- What you need to do -
Take from the data every line in which the word "that" is found.

────────────────

(* Each of the four graphs is 2-coloured by the parity of the number of elements of a vertex X
   lying in a fixed set S of edges (resonance graphs) or of dominoes (flip graphs). Adjacent
   vertices differ by a face, resp. by the four dominoes of a 2x2 block, so it suffices that S
   meets every face, resp. block, in an odd number of elements. Horizontal edges and dominoes in
   even rows do this for the squares of the cylinder; on the torus they need m even, and
   otherwise n is even and vertical edges and dominoes in even columns work. The two end faces
   of the cylinder graph are n-cycles: for n odd they are never the symmetric difference of two
   perfect matchings, and for n even the vertical edges in even columns together with the
   horizontal edges of column 0 meet both end faces once and every square once or three times. *)

lemma Suc_mod_neq_self:
  fixes j n :: nat
  assumes "n \<ge> 2"
  shows "(j + 1) mod n \<noteq> j"
proof (cases "j + 1 < n")
  case False
  then consider "j + 1 = n" | "n \<le> j" by linarith
  then show ?thesis using assms
    by cases (simp, metis mod_less_divisor not_le order.strict_trans1 zero_less_numeral)
qed simp

lemma even_Suc_mod_iff:
  fixes j n :: nat
  assumes "even n"
  shows "even ((j + 1) mod n) \<longleftrightarrow> odd j"
  using dvd_mod_iff[OF assms, of "j + 1"] by simp

lemma card_Int_symdiff_parity:
  assumes "finite A" "finite B"
  shows "even (card (A \<inter> S) + card (B \<inter> S)) \<longleftrightarrow> even (card (symdiff A B \<inter> S))"
proof -
  let ?A = "A \<inter> S" and ?B = "B \<inter> S"
  have "card ?A + card ?B = card (?A \<union> ?B) + card (?A \<inter> ?B)"
    using assms by (intro card_Un_Int) auto
  also have "?A \<union> ?B = (symdiff A B \<inter> S) \<union> (?A \<inter> ?B)"
    by (auto simp: symdiff_def)
  also have "card \<dots> = card (symdiff A B \<inter> S) + card (?A \<inter> ?B)"
    by (rule card_Un_disjoint) (use assms in \<open>auto simp: symdiff_def\<close>)
  finally have "card ?A + card ?B = card (symdiff A B \<inter> S) + 2 * card (?A \<inter> ?B)"
    by simp
  then show ?thesis by simp
qed

lemma bipartite_by_parity_of_symdiff:
  fixes R :: "'a set \<Rightarrow> 'a set \<Rightarrow> bool"
  assumes "\<And>A B. R A B \<Longrightarrow> finite A \<and> finite B \<and> odd (card (symdiff A B \<inter> S))"
  shows "bipartite R"
  unfolding bipartite_def
proof (intro exI[of _ "\<lambda>A. even (card (A \<inter> S))"] allI impI)
  fix A B assume "R A B"
  then have "finite A" "finite B" "odd (card (symdiff A B \<inter> S))" using assms by blast+
  then show "even (card (A \<inter> S)) \<noteq> even (card (B \<inter> S))"
    using card_Int_symdiff_parity[of A B S] by auto
qed

lemma perfect_matching_finite:
  "perfect_matching Vs E ends M \<Longrightarrow> finite E \<Longrightarrow> finite M"
  unfolding perfect_matching_def using finite_subset by blast

lemma bipartite_total_res_adj:
  assumes "finite E"
    and "\<And>M1 M2. perfect_matching Vs E ends M1 \<Longrightarrow> perfect_matching Vs E ends M2 \<Longrightarrow>
           symdiff M1 M2 \<in> Fs \<Longrightarrow> odd (card (symdiff M1 M2 \<inter> S))"
  shows "bipartite (total_res_adj Vs E ends Fs)"
proof (rule bipartite_by_parity_of_symdiff[where S = S])
  fix M1 M2 assume "total_res_adj Vs E ends Fs M1 M2"
  then show "finite M1 \<and> finite M2 \<and> odd (card (symdiff M1 M2 \<inter> S))"
    unfolding total_res_adj_def using assms perfect_matching_finite by blast
qed

lemma symdiff_perfect_matchings_alternate:
  assumes "perfect_matching Vs E ends M1" "perfect_matching Vs E ends M2"
    and "e \<in> symdiff M1 M2" "e' \<in> symdiff M1 M2" "e' \<noteq> e"
    and "v \<in> Vs" "v \<in> ends e" "v \<in> ends e'"
  shows "e' \<in> M1 \<longleftrightarrow> e \<notin> M1"
proof -
  have "\<And>a b. a \<in> M1 \<Longrightarrow> b \<in> M1 \<Longrightarrow> v \<in> ends a \<Longrightarrow> v \<in> ends b \<Longrightarrow> a = b"
    and "\<And>a b. a \<in> M2 \<Longrightarrow> b \<in> M2 \<Longrightarrow> v \<in> ends a \<Longrightarrow> v \<in> ends b \<Longrightarrow> a = b"
    using assms(1,2,6) unfolding perfect_matching_def by metis+
  then show ?thesis using assms(3-5,7,8) unfolding symdiff_def by blast
qed

lemma symdiff_perfect_matchings_no_odd_cycle:
  fixes n :: nat and e :: "nat \<Rightarrow> 'e"
  assumes pm1: "perfect_matching Vs E ends M1" and pm2: "perfect_matching Vs E ends M2"
    and "odd n"
    and in_symdiff: "\<And>j. j < n \<Longrightarrow> e j \<in> symdiff M1 M2"
    and distinct: "\<And>j. j < n \<Longrightarrow> e ((j + 1) mod n) \<noteq> e j"
    and shared: "\<And>j. j < n \<Longrightarrow> \<exists>v\<in>Vs. v \<in> ends (e j) \<and> v \<in> ends (e ((j + 1) mod n))"
  shows False
proof -
  have alternate: "e ((j + 1) mod n) \<in> M1 \<longleftrightarrow> e j \<notin> M1" if "j < n" for j
  proof -
    have "(j + 1) mod n < n" using that by simp
    then show ?thesis
      using shared[OF that] symdiff_perfect_matchings_alternate[OF pm1 pm2 in_symdiff[OF that]
          in_symdiff distinct[OF that]] by blast
  qed
  have parity: "e j \<in> M1 \<longleftrightarrow> (e 0 \<in> M1 \<longleftrightarrow> even j)" if "j < n" for j
    using that
  proof (induction j)
    case (Suc j)
    then have "(j + 1) mod n = Suc j" by simp
    then show ?case using alternate[of j] Suc by simp
  qed simp
  obtain k where "n = 2 * k + 1" using \<open>odd n\<close> by (rule oddE)
  then show False using alternate[of "2 * k"] parity[of "2 * k"] by simp
qed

────────────────

- Output -
   vertices differ by a face, resp. by the four dominoes of a 2x2 block, so it suffices that S
    have "(j + 1) mod n < n" using that by simp
      using shared[OF that] symdiff_perfect_matchings_alternate[OF pm1 pm2 in_symdiff[OF that]
          in_symdiff distinct[OF that]] by blast
    using that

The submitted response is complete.